Hiding information from visitors

Last updated June 10, 2012. Created by greggles on April 9, 2008.
Edited by Haarek, LeeHunter. Log in to edit this page.

If someone is attacking your site and is able to determine information about which version of Drupal or which specific modules or themes you are using it might make it easier for them to exploit a vulnerability.

This is not an important issue. There are other ways in which an attacker could determine information about your site. However, it's also a good practice to give a potential attacker as little information as possible. If you are one of the paranoid people who already keeps your site up to date and follows all the best practices listed in this section then the rest of this page may be interesting to you.

Directory Index Potential Problem

By default Drupal core ships with a directive in the .htaccess file which will give a "Forbidden" message if a user attempts to view a directory. For example, if you visit the sites/all/modules directory on drupal.org you should get a "Forbidden" 403 error message. This helps protect your site because people will not be able to probe your site for information about which modules you are using. If your web server does not allow configuration via the .htaccess file then this protection may not be in place. A good way to figure out if the .htaccess rule is working is to visit your sites directory (e.g. http://example.com/sites/ ) and see if you get a listing of files or just a "Forbidden" message.

Possible Solutions To the Directory Index Problem

You could alter your webserver's configuration so that this information is hidden - either on a server wide basis or just for your Drupal installation.

If you do not have access to the configuration files, you could also simply place an empty file named "index.php" or "index.html" into each directory on your site. If done properly then visitors to your site will see a blank page instead of the directory contents.

Error messages

Drupal core provides a feature to show error messages to site visitors. By default this feature is enabled which is very helpful while building a site because the visitor can quickly see the error messages.
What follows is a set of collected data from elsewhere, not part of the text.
(* The function $T=s^2/c^2$ satisfies the differential equation $\nabla\,(T')^2=4T(1+T)(1+\lambda^2T)$, and neither $T$ nor $t=s/c$ is elliptic (i.e. neither admits an extension from a small disc about $0$ to an elliptic function on $\mathbb{C}$).
   Context: Let $0<\kappa<1$ and $\lambda=\sqrt{1-\kappa^2}\in(0,1)$. Let $F(\tfrac16,\tfrac56;\tfrac12;\cdot)$ denote the Gauss hypergeometric function. Define $u$ as a function of $\phi$ near $0$ by $u=\int_0^{\sin\phi}F(\tfrac16,\tfrac56;\tfrac12;\kappa^2t^2)\,\frac{dt}{\sqrt{1-t^2}}$; near the origin (fixing $0$) this inverts to a holomorphic function $u\mapsto\phi(u)$ with $\phi(0)=0$. Let $\psi$ be the holomorphic function near $0$ with $\psi(0)=0$ and $\sin\psi=\kappa\sin\phi$. Set $s=\sin\phi$, $c=\cos\phi$, $\partial=\cos\tfrac23\psi$, $\nabla=\partial^2$, all as functions of $u$ on a small disc about $0$; primes denote $d/du$. *)

theory Defs
  imports "HOL-Complex_Analysis.Complex_Analysis"
begin

definition hyp2f1 :: "complex \<Rightarrow> complex \<Rightarrow> complex \<Rightarrow> complex \<Rightarrow> complex" where
  "hyp2f1 a b c z = (\<Sum>n. pochhammer a n * pochhammer b n / (pochhammer c n * fact n) * z ^ n)"

text \<open>Since meromorphic functions in HOL carry arbitrary values
  at poles / removable points, periodicity is required only up to such isolated points.\<close>
definition elliptic_fun :: "(complex \<Rightarrow> complex) \<Rightarrow> bool" where
  "elliptic_fun g \<longleftrightarrow> g meromorphic_on UNIV \<and>
     (\<exists>\<omega>1 \<omega>2. \<omega>1 \<noteq> 0 \<and> Im (\<omega>2 / \<omega>1) \<noteq> 0 \<and>
        (\<forall>z. eventually (\<lambda>w. g (w + \<omega>1) = g w \<and> g (w + \<omega>2) = g w) (at z)))"
text \<open>
  On \<open>U = U\<^sub>q\<^sub>+\<^sub>1\<close> we have \<open>u\<^sup>q = 1/u\<close>, so \<open>u\<^sup>5\<close> times the trace of the codeword with
  coefficients \<open>a\<^sub>3, b, a\<^sub>5, c\<close> is \<open>X u\<^sup>8 + X\<^sup>q u\<^sup>2 + Y u\<^sup>1\<^sup>0 + Y\<^sup>q\<close> with \<open>X = a\<^sub>3 + b\<^sup>q\<close> and
  \<open>Y = a\<^sub>5 + c\<^sup>q\<close>. In characteristic 2 this is the square of
  \<open>H(u) = y u\<^sup>5 + x u\<^sup>4 + x\<^sup>q u + y\<^sup>q\<close> where \<open>x\<^sup>2 = X\<close>, \<open>y\<^sup>2 = Y\<close>. Hence the complements of the
  blocks are exactly the 5-subsets of \<open>U\<close> that are zero sets of some \<open>H\<close>.

  Comparing \<open>H\<close> with \<open>y\<close> times the product of its linear factors shows that a 5-subset of \<open>U\<close>
  is such a zero set iff its second and third elementary symmetric functions vanish. For
  distinct \<open>a, b, c \<in> U\<close> these two equations are linear in the sum and the product of the
  remaining pair \<open>{d, e}\<close>, with determinant \<open>ab + bc + ca - (a + b + c)\<^sup>2 \<noteq> 0\<close>, so there is
  at most one block through \<open>a, b, c\<close>. A solution is given by the images of the two
  primitive cube roots of unity, which lie in \<open>GF(q)\<close> because \<open>m\<close> is even, under the
  Moebius map sending \<open>0, 1, \<infinity>\<close> to \<open>a, b, c\<close>. Thus the complements form a Steiner system
  \<open>S(3, 5, q + 1)\<close>, and the value of \<open>\<lambda>\<close> for the blocks follows by inclusion-exclusion.
\<close>

section \<open>Finite fields\<close>

lemma finite_ring_of_nat_card: "of_nat CARD('a) = (0::'a::{ring_1,finite})"
proof -
  have "(\<Sum>y\<in>UNIV. y + 1) = (\<Sum>y::'a\<in>UNIV. y)"
    by (rule sum.reindex_bij_witness[of _ "\<lambda>y. y - 1" "\<lambda>y. y + 1"]) auto
  thus ?thesis
    by (simp add: sum.distrib)
qed
lemma sorted_nth_le_iff_count_upto:
  assumes sx: "sorted_wrt (<) (xs::nat list)" and sy: "sorted_wrt (<) ys"
    and l: "length xs = length ys"
  shows "(\<forall>i<length xs. xs!i \<le> ys!i) \<longleftrightarrow> (\<forall>z. count_upto (set ys) z \<le> count_upto (set xs) z)"
proof
  assume h: "\<forall>i<length xs. xs!i \<le> ys!i"
  show "\<forall>z. count_upto (set ys) z \<le> count_upto (set xs) z"
  proof
    fix z
    have "{i. i < length ys \<and> ys!i \<le> z} \<subseteq> {i. i < length xs \<and> xs!i \<le> z}"
    proof (intro subsetI)
      fix i assume "i \<in> {i. i < length ys \<and> ys!i \<le> z}"
      then show "i \<in> {i. i < length xs \<and> xs!i \<le> z}" using h[rule_format, of i] l by simp
    qed
    then show "count_upto (set ys) z \<le> count_upto (set xs) z"
      unfolding count_upto_sorted_nth[OF sx] count_upto_sorted_nth[OF sy] by (intro card_mono) auto
  qed
next
  assume h: "\<forall>z. count_upto (set ys) z \<le> count_upto (set xs) z"
  have mono: "xs!j \<le> xs!i" "ys!j \<le> ys!i" if "j \<le> i" "i < length xs" for i j
    using that l sorted_nth_mono[OF strict_sorted_imp_sorted[OF sx]]
      sorted_nth_mono[OF strict_sorted_imp_sorted[OF sy]] by simp_all
  show "\<forall>i<length xs. xs!i \<le> ys!i"
  proof (rule ccontr)
    assume "\<not> (\<forall>i<length xs. xs!i \<le> ys!i)"
    then obtain i where i: "i < length xs" "ys!i < xs!i" by force
    \<comment> \<open>at \<open>z = ys!i\<close> the first \<open>i+1\<close> entries of \<open>ys\<close> are counted, but at most \<open>i\<close> of \<open>xs\<close>\<close>
    have "{..i} \<subseteq> {j. j < length ys \<and> ys!j \<le> ys!i}"
      using mono(2)[of _ i] i(1) l by auto
    then have "card {..i} \<le> card {j. j < length ys \<and> ys!j \<le> ys!i}"
      by (intro card_mono) auto
    then have "Suc i \<le> count_upto (set ys) (ys!i)"
      unfolding count_upto_sorted_nth[OF sy] by simp
    moreover have "{j. j < length xs \<and> xs!j \<le> ys!i} \<subseteq> {..<i}"
    proof (intro subsetI)
      fix j assume j: "j \<in> {j. j < length xs \<and> xs!j \<le> ys!i}"
      show "j \<in> {..<i}"
      proof (rule ccontr)
        assume "j \<notin> {..<i}"
        then have "xs!i \<le> xs!j" using mono(1)[of i j] j by simp
        then show False using i(2) j by simp
      qed
    qed
    then have "card {j. j < length xs \<and> xs!j \<le> ys!i} \<le> card {..<i}"
      by (intro card_mono) auto
    then have "count_upto (set xs) (ys!i) \<le> i"
      unfolding count_upto_sorted_nth[OF sx] by simp
    ultimately show False using h[rule_format, of "ys!i"] by simp
  qed
qed

lemma Ile_iff_count_upto:
  assumes "finite v" "finite w" "card v = card w"
  shows "Ile v w \<longleftrightarrow> (\<forall>z. count_upto w z \<le> count_upto v z)"
proof -
  let ?xs = "sorted_list_of_set v" and ?ys = "sorted_list_of_set w"
  have "Ile v w \<longleftrightarrow> (\<forall>i<length ?xs. ?xs!i \<le> ?ys!i)"
    unfolding Ile_def using assms(3) by simp
  also have "\<dots> \<longleftrightarrow> (\<forall>z. count_upto (set ?ys) z \<le> count_upto (set ?xs) z)"
    by (rule sorted_nth_le_iff_count_upto) (simp_all add: assms(3) strict_sorted_list_of_set)
  finally show ?thesis using assms(1,2) by simp
qed

lemma Ile_set_iff_nth:
  assumes "sorted_wrt (<) (p::nat list)" "sorted_wrt (<) q" "length p = length q"
  shows "Ile (set p) (set q) \<longleftrightarrow> (\<forall>j<length p. p!j \<le> q!j)"
  using assms sorted_list_of_set_set_strict[OF assms(1)] sorted_list_of_set_set_strict[OF assms(2)]
    distinct_card strict_sorted_iff
  unfolding Ile_def by metis

lemma count_upto_exchange:
  assumes "finite B" "P \<inter> B = {}" "Q \<subseteq> B"
  shows "int (count_upto (P \<union> (B - Q)) z) = int (count_upto B z) - int (count_upto Q z) + int (count_upto P z)"
proof -
  have "{x\<in>P \<union> (B - Q). x \<le> z} = {x\<in>P. x \<le> z} \<union> ({x\<in>B. x \<le> z} - {x\<in>Q. x \<le> z})" by auto
  moreover have "card ({x\<in>P. x \<le> z} \<union> ({x\<in>B. x \<le> z} - {x\<in>Q. x \<le> z}))
        = card {x\<in>P. x \<le> z} + card ({x\<in>B. x \<le> z} - {x\<in>Q. x \<le> z})"
    using assms by (intro card_Un_disjoint) auto
  moreover have "card ({x\<in>B. x \<le> z} - {x\<in>Q. x \<le> z}) = card {x\<in>B. x \<le> z} - card {x\<in>Q. x \<le> z}"
    using assms by (intro card_Diff_subset) auto
  moreover have "card {x\<in>Q. x \<le> z} \<le> card {x\<in>B. x \<le> z}"
    using assms by (intro card_mono) auto
  ultimately show ?thesis unfolding count_upto_def by simp
qed

lemma Ile_iff_count_upto_diff:
  assumes "finite X" "finite Y" "finite B" "card X = card Y"
  shows "Ile X Y \<longleftrightarrow> (\<forall>z. int (count_upto (X - B) z) - int (count_upto (B - X) z)
                          \<ge> int (count_upto (Y - B) z) - int (count_upto (B - Y) z))"
proof -
  have "S = (S - B) \<union> (B - (B - S))" for S by auto
  then have e: "int (count_upto S z) = int (count_upto B z) - int (count_upto (B - S) z) + int (count_upto (S - B) z)"
    for S z using count_upto_exchange[of B "S - B" "B - S" z] assms(3) by auto
  have "count_upto Y z \<le> count_upto X z \<longleftrightarrow>
      int (count_upto (X - B) z) - int (count_upto (B - X) z) \<ge> int (count_upto (Y - B) z) - int (count_upto (B - Y) z)"
    for z using e[of X z] e[of Y z] by linarith
  then show ?thesis using Ile_iff_count_upto[OF assms(1,2,4)] by simp
qed

lemma dualn_dualn: "x \<le> 2*d+1 \<Longrightarrow> dualn d (dualn d x) = x"
  unfolding dualn_def by simp

lemma dualn_in_range: "x \<in> {1..2*d} \<Longrightarrow> dualn d x \<in> {1..2*d}"
  unfolding dualn_def by auto

lemma inj_on_dualn: "inj_on (dualn d) {1..2*d}"
  unfolding inj_on_def dualn_def by auto

lemma dualn_less_dualn: "a \<in> {1..2*d} \<Longrightarrow> b \<in> {1..2*d} \<Longrightarrow> a < b \<Longrightarrow> dualn d b < dualn d a"
  unfolding dualn_def by simp

lemma sorted_list_of_set_dualn_image:
  assumes "S \<subseteq> {1..2*d}"
  shows "sorted_list_of_set (dualn d ` S) = rev (map (dualn d) (sorted_list_of_set S))"
proof -
  have fin: "finite S" using assms finite_subset by blast
  let ?l = "rev (map (dualn d) (sorted_list_of_set S))"
  have "sorted_wrt (>) (map (dualn d) (sorted_list_of_set S))"
    unfolding sorted_wrt_map
    by (rule sorted_wrt_mono_rel[OF _ strict_sorted_list_of_set]) (use fin assms in \<open>auto simp: dualn_def\<close>)
  then have "sorted_wrt (<) ?l" by (simp add: sorted_wrt_rev)
  moreover have "set ?l = dualn d ` S" using fin by simp
  ultimately show ?thesis by (metis sorted_list_of_set_set_strict)
qed

lemma IsetD:
  assumes "B \<in> Iset d"
  shows "finite B" "B \<subseteq> {1..2*d}" "card B = d"
    "\<And>x. x \<in> {1..2*d} \<Longrightarrow> x \<notin> B \<Longrightarrow> dualn d x \<in> B"
    "\<And>x. x \<in> {1..2*d} \<Longrightarrow> x \<in> B \<Longrightarrow> dualn d x \<notin> B"
    "even (card {x\<in>B. x > d})"
  using assms unfolding Iset_def by (auto intro: finite_subset)

lemma card_gt_exchange:
  assumes "finite B" "P \<subseteq> {1..2*d}" "P \<inter> B = {}" "dualn d ` P \<subseteq> B"
  shows "int (card {x\<in>P \<union> (B - dualn d ` P). x > d})
     = int (card {x\<in>B. x > d}) - int (card {x\<in>P. x \<le> d}) + int (card {x\<in>P. x > d})"
proof -
  let ?D = "dualn d ` P"
  have fP: "finite P" using assms(2) finite_subset by blast
  have "{x\<in>P \<union> (B - ?D). x > d} = {x\<in>P. x > d} \<union> ({x\<in>B. x > d} - {x\<in>?D. x > d})" by auto
  moreover have "card ({x\<in>P. x > d} \<union> ({x\<in>B. x > d} - {x\<in>?D. x > d}))
        = card {x\<in>P. x > d} + card ({x\<in>B. x > d} - {x\<in>?D. x > d})"
    using assms fP by (intro card_Un_disjoint) auto
  moreover have "card ({x\<in>B. x > d} - {x\<in>?D. x > d}) = card {x\<in>B. x > d} - card {x\<in>?D. x > d}"
    using assms by (intro card_Diff_subset) (auto intro: finite_subset)
  moreover have "card {x\<in>?D. x > d} \<le> card {x\<in>B. x > d}"
    using assms by (intro card_mono) auto
  moreover have "{x\<in>?D. x > d} = dualn d ` {x\<in>P. x \<le> d}"
    using assms(2) by (auto simp: dualn_def image_iff)
  moreover have "card (dualn d ` {x\<in>P. x \<le> d}) = card {x\<in>P. x \<le> d}"
    using assms(2) by (intro card_image inj_on_subset[OF inj_on_dualn]) auto
  ultimately show ?thesis by simp
qed

text \<open>Replacing \<open>P\<^sup>* \<subseteq> \<beta>\<close> by \<open>P\<close> changes the number of entries \<open>> d\<close> by \<open>|P| - 2|P\<^sup>\<le>\<^sup>d|\<close>.\<close>

lemma even_card_gt_exchange_iff:
  assumes B: "B \<in> Iset d" and P: "P \<subseteq> {1..2*d} - B"
  shows "even (card {x\<in>P \<union> (B - dualn d ` P). x > d}) \<longleftrightarrow> even (card P)"
proof -
  have fP: "finite P" using P finite_subset by blast
  have "int (card {x\<in>P \<union> (B - dualn d ` P). x > d})
     = int (card {x\<in>B. x > d}) - int (card {x\<in>P. x \<le> d}) + int (card {x\<in>P. x > d})"
    using P IsetD[OF B] by (intro card_gt_exchange) auto
  moreover have "card P = card {x\<in>P. x \<le> d} + card {x\<in>P. x > d}"
    using fP by (subst card_Un_disjoint[symmetric]) (auto intro: arg_cong[where f=card])
  moreover obtain k where "card {x\<in>B. x > d} = 2*k" using IsetD(6)[OF B] by auto
  ultimately have "int (card {x\<in>P \<union> (B - dualn d ` P). x > d})
      = 2 * (int k - int (card {x\<in>P. x \<le> d})) + int (card P)"
    by simp
  then have "even (int (card {x\<in>P \<union> (B - dualn d ` P). x > d})) \<longleftrightarrow> even (int (card P))"
    by simp
  then show ?thesis by simp
qed

lemma exchange_in_Iset:
  assumes B: "B \<in> Iset d" and P: "P \<subseteq> {1..2*d} - B" and ev: "even (card P)"
  shows "P \<union> (B - dualn d ` P) \<in> Iset d"
proof -
  note Bp = IsetD[OF B]
  let ?\<theta> = "P \<union> (B - dualn d ` P)"
  have fP: "finite P" using P finite_subset by blast
  have DB: "dualn d ` P \<subseteq> B" using P Bp(4) by auto
  have "card ?\<theta> = card P + card (B - dualn d ` P)"
    using P fP Bp(1) by (intro card_Un_disjoint) auto
  moreover have "card (B - dualn d ` P) = card B - card (dualn d ` P)"
    using DB Bp(1) by (intro card_Diff_subset) (auto intro: finite_subset)
  moreover have "card (dualn d ` P) \<le> card B" using DB Bp(1) by (intro card_mono) auto
  moreover have "card (dualn d ` P) = card P"
    using P by (intro card_image inj_on_subset[OF inj_on_dualn]) auto
  ultimately have card: "card ?\<theta> = d" using Bp(3) by simp
  have "(m \<in> ?\<theta>) \<noteq> (dualn d m \<in> ?\<theta>)" if m: "m \<in> {1..2*d}" for m
  proof -
    have mD: "m \<in> dualn d ` P \<longleftrightarrow> dualn d m \<in> P"
      using P m dualn_dualn[of m d] dualn_dualn[of _ d] by (auto intro: rev_image_eqI)
    have dmD: "dualn d m \<in> dualn d ` P \<longleftrightarrow> m \<in> P"
      using P m inj_onD[OF inj_on_dualn] by blast
    show ?thesis
      using P Bp(4)[OF m] Bp(5)[OF m] mD dmD by auto
  qed
  moreover have "even (card {x\<in>?\<theta>. x > d})"
    using even_card_gt_exchange_iff[OF B P] ev by simp
  ultimately show ?thesis unfolding Iset_def using card P Bp(2) by auto
qed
However, on a live site this feature should be disabled to avoid information disclosure such as the full filesystem path on the server or the structure of tables in a SQL error message.

Disabling display of error messages in Drupal 7

As an administrator, navigate to Home » Administration » Configuration » Development. Set the "Error messages to display" option to "None."

Disabling display of error messages in Drupal 6

As an administrator, navigate to Home » Administer » Site configuration. Set the "Error reporting" option to "Write errors to the log."

Disabling display of notices in PHP

PHP also has a configuration for which errors are shown. For production environments this value should be set to something that will not display notices such as E_ERROR.

To help identify this and other potential problems on a site, you should consider using the Security Review module.

CHANGELOG.txt, README.txt and others

There are many files in an installation such as CHANGELOG.txt and README.txt which may include version information. You could delete those files but they often contain useful information. A better solution is to simply move those files outside of the web accessible area of your installation or to simply rename them.

Again, it's more important to review other aspects of Secure Configuration of your site rather than worry about this information disclosure.